• **What to do**:
Word for word, transcribe the data below from the line with "then obtain D1" to the line with "using D(3) by", keeping both of those lines.

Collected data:
lemma hermite_form_Bm_eq_imp_Gamma0:
  assumes M: "M \<in> SL2Z" and N: "N \<in> SL2Z" and "0 < m"
    and eq: "hermite_form (Bm m ** M) = hermite_form (Bm m ** N)"
  shows "M ** adjugate2 N \<in> Gamma0 m"
proof -
  define A where "A = hermite_form (Bm m ** N)"
  have "0 < det (Bm m ** M)" "0 < det (Bm m ** N)"
    using assms by (simp_all add: det_mul det_Bm)
  then obtain D1 D2 where D: "D1 \<in> SL2Z" "Bm m ** M = D1 ** A" "D2 \<in> SL2Z" "Bm m ** N = D2 ** A"
    using hermite_form eq unfolding A_def by metis
  define G where "G = D1 ** adjugate2 D2"
  have "Bm m ** (M ** adjugate2 N) = (D1 ** A) ** adjugate2 N"
    using D(2) by (simp add: matrix_mul_assoc)
  also have "\<dots> = (D1 ** ((adjugate2 D2 ** D2) ** A)) ** adjugate2 N"
    using D(3) by (simp add: adjugate2_mult_self)
  also have "\<dots> = (G ** (D2 ** A)) ** adjugate2 N"
    by (simp add: G_def matrix_mul_assoc)
  also have "\<dots> = G ** Bm m ** (N ** adjugate2 N)"
    unfolding D(4) [symmetric] by (simp add: matrix_mul_assoc)
  also have "\<dots> = G ** Bm m"
    using N by (simp add: mult_adjugate2_self)
  finally have "(Bm m ** (M ** adjugate2 N))$2$1 = (G ** Bm m)$2$1"
    by simp
  then have "(M ** adjugate2 N)$2$1 = int m * G$2$1"
    by (simp only: matrix2_mult_nth Bm_nth) simp
  then show ?thesis
    using M N by (simp add: mem_Gamma0 det_mul det_adjugate2)
qed
lemma exists_small_CC_circuit_AND:
  assumes moduli: "\<forall>i\<in>{1..h}. p i \<ge> 2" and coprime: "\<forall>i\<in>{1..<h}. coprime (p i) (p (i + 1))"
    and "h \<ge> 2" and bound: "\<forall>i\<in>{1..h}. p i \<le> P" and "n \<ge> 1"
  shows "\<exists>C. is_CC_circuit (map p [1..<h + 1]) C \<and> computes_AND (map p [1..<h + 1]) C n \<and>
           real (circuit_size C) \<le> 2 powr (2 * real (2 * h + P) * real n powr (1 / real (h - 1)))"
proof -
  define K where "K = 2 * h + P"
  have "2 \<le> p 1" "p 1 \<le> P"
    using moduli bound \<open>h \<ge> 2\<close> by auto
  then have "P > 0"
    by linarith
  have "h - 1 \<ge> 1"
    using \<open>h \<ge> 2\<close> by simp
  then obtain m where m: "m \<ge> 1" "n \<le> m ^ (h - 1)" "real m \<le> 2 * real n powr (1 / real (h - 1))"
    using obtain_nat_above_root \<open>n \<ge> 1\<close> by blast
  have "circuit_size (AND_circuit p h m n) \<le> h * m ^ h * P ^ m"
    using bound \<open>P > 0\<close> m(1) by (intro circuit_size_AND_circuit_le) auto
  also have "\<dots> \<le> 2 ^ (K * m)"
    unfolding K_def using m(1) by (rule mult_powers_le_two_power)
  finally have "real (circuit_size (AND_circuit p h m n)) \<le> 2 ^ (K * m)"
    by (metis of_nat_le_iff of_nat_numeral of_nat_power)
  also have "(2::real) ^ (K * m) = 2 powr (real K * real m)"
    using powr_realpow[of 2 "K * m"] by simp
  also have "\<dots> \<le> 2 powr (2 * real K * real n powr (1 / real (h - 1)))"
    using mult_left_mono[OF m(3), of "real K"] by (intro powr_mono) (auto simp: ac_simps)
  finally have "real (circuit_size (AND_circuit p h m n))
      \<le> 2 powr (2 * real K * real n powr (1 / real (h - 1)))" .
  moreover have "is_CC_circuit (map p [1..<h + 1]) (AND_circuit p h m n)"
    using moduli \<open>h \<ge> 2\<close> m(1) by (intro is_CC_circuit_AND_circuit) auto
  moreover have "computes_AND (map p [1..<h + 1]) (AND_circuit p h m n) n"
    using moduli coprime \<open>h \<ge> 2\<close> m(1,2) by (intro AND_circuit_computes_AND) auto
  ultimately show ?thesis
    unfolding K_def by blast
qed

theorem proposition4p2:
  fixes h :: nat and p :: "nat \<Rightarrow> nat"
  assumes "h \<ge> 2"
    and "\<forall>i\<in>{1..h}. prime (p i)"
    and "\<forall>i\<in>{1..<h}. p i \<noteq> p (i + 1)"
  shows "\<exists>c::real. c > 0 \<and> (\<exists>N::nat. \<forall>n\<ge>N. \<exists>C.
           is_CC_circuit (map p [1..<h+1]) C \<and> computes_AND (map p [1..<h+1]) C n \<and>
           real (circuit_size C) \<le> 2 powr (c * real n powr (1 / real (h - 1))))"
proof -
  define P where "P = (\<Sum>i=1..h. p i)"
  have moduli: "\<forall>i\<in>{1..h}. p i \<ge> 2"
    using assms(2) prime_ge_2_nat by blast
  have coprime: "\<forall>i\<in>{1..<h}. coprime (p i) (p (i + 1))"
    using assms(2,3) by (auto simp: primes_coprime)
  have "\<forall>i\<in>{1..h}. p i \<le> P"
    by (auto simp: P_def intro!: member_le_sum)
  then have "\<forall>n\<ge>1. \<exists>C. is_CC_circuit (map p [1..<h+1]) C \<and> computes_AND (map p [1..<h+1]) C n \<and>
      real (circuit_size C) \<le> 2 powr (2 * real (2 * h + P) * real n powr (1 / real (h - 1)))"
    using exists_small_CC_circuit_AND[OF moduli coprime assms(1)] by blast
  moreover have "2 * real (2 * h + P) > 0"
    using assms(1) by simp
  ultimately show ?thesis
    by blast
qed

end
lemma inner_measure_le_if_not_k_large:
  assumes "\<not> k_large G k X"
  shows "inner_measure M \<mu> X \<le> 1 - 1 / k"
proof (rule inner_measure_le)
  obtain g where g: "\<And>i. i < k \<Longrightarrow> g i \<in> carrier G"
    and disjoint: "(\<Inter>i<k. l_coset G (g i) X) = {}"
    using assms unfolding k_large_def by blast
  fix Y
  assume Y: "Y \<in> M" "Y \<subseteq> X"
  define A where "A i = carrier G - l_coset G (g i) Y" for i
  have A: "A i \<in> M" "\<mu> (A i) = 1 - \<mu> Y" if "i < k" for i
    using g[OF that] Y(1) by (simp_all add: A_def sets_compl sets_translate measure_compl measure_translate)
  have Y_X: "l_coset G (g i) Y \<subseteq> l_coset G (g i) X" for i
    using Y(2) by (auto simp: l_coset_def)
  have "carrier G \<subseteq> (\<Union>i<k. A i)"
  proof
    fix x
    assume "x \<in> carrier G"
    show "x \<in> (\<Union>i<k. A i)"
    proof (rule ccontr)
      assume "x \<notin> (\<Union>i<k. A i)"
      then have "x \<in> (\<Inter>i<k. l_coset G (g i) X)"
        using \<open>x \<in> carrier G\<close> Y_X by (auto simp: A_def)
      then show False
        using disjoint by blast
    qed
  qed
  then have "(\<Union>i<k. A i) = carrier G"
    by (auto simp: A_def)
  then have "1 \<le> real k * (1 - \<mu> Y)"
    using measure_UN_le[of k A] A measure_carrier by simp
  then show "\<mu> Y \<le> 1 - 1 / k"
    by (cases "k = 0") (simp_all add: field_simps)
qed

end

theorem corollary4p5:
  fixes G :: "('a, 'b) monoid_scheme"
  assumes "group G"
  shows "(k_large G 7 (cube_roots G) \<longrightarrow> exponent3 G) \<and>
         (\<forall>M \<mu>. left_inv_prob_measure G M \<mu> \<longrightarrow> \<not> exponent3 G \<longrightarrow>
             inner_measure M \<mu> (cube_roots G) \<le> 6/7 \<and>
             (two_Engel G \<longrightarrow> inner_measure M \<mu> (cube_roots G) \<le> 1/2))"
proof -
  interpret group G by fact
  have seven_large: "exponent3 G" if "k_large G 7 (cube_roots G)"
    using that k_large_mono[OF that, of 2] seven_large_cube_roots_imp_two_Engel
      two_large_cube_roots_two_Engel_imp_exponent3 by simp
  have "inner_measure M \<mu> (cube_roots G) \<le> 6/7 \<and>
        (two_Engel G \<longrightarrow> inner_measure M \<mu> (cube_roots G) \<le> 1/2)"
    if "left_inv_prob_measure G M \<mu>" "\<not> exponent3 G" for M \<mu>
  proof -
    interpret left_inv_prob_space G M \<mu> by unfold_locales fact
    have "\<not> k_large G 7 (cube_roots G)"
      using seven_large that(2) by blast
    then have "inner_measure M \<mu> (cube_roots G) \<le> 1 - 1 / 7"
      using inner_measure_le_if_not_k_large by fastforce
    moreover have "inner_measure M \<mu> (cube_roots G) \<le> 1 - 1 / 2" if "two_Engel G"
    proof -
      have "\<not> k_large G 2 (cube_roots G)"
        using two_large_cube_roots_two_Engel_imp_exponent3 that \<open>\<not> exponent3 G\<close> by blast
      then show ?thesis
        using inner_measure_le_if_not_k_large by fastforce
    qed
    ultimately show ?thesis
      by simp
  qed
  then show ?thesis
    using seven_large by blast
qed

end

• **Solution for this task**:
  then obtain D1 D2 where D: "D1 \<in> SL2Z" "Bm m ** M = D1 ** A" "D2 \<in> SL2Z" "Bm m ** N = D2 ** A"
    using hermite_form eq unfolding A_def by metis
  define G where "G = D1 ** adjugate2 D2"
  have "Bm m ** (M ** adjugate2 N) = (D1 ** A) ** adjugate2 N"
    using D(2) by (simp add: matrix_mul_assoc)
  also have "\<dots> = (D1 ** ((adjugate2 D2 ** D2) ** A)) ** adjugate2 N"
    using D(3) by (simp add: adjugate2_mult_self)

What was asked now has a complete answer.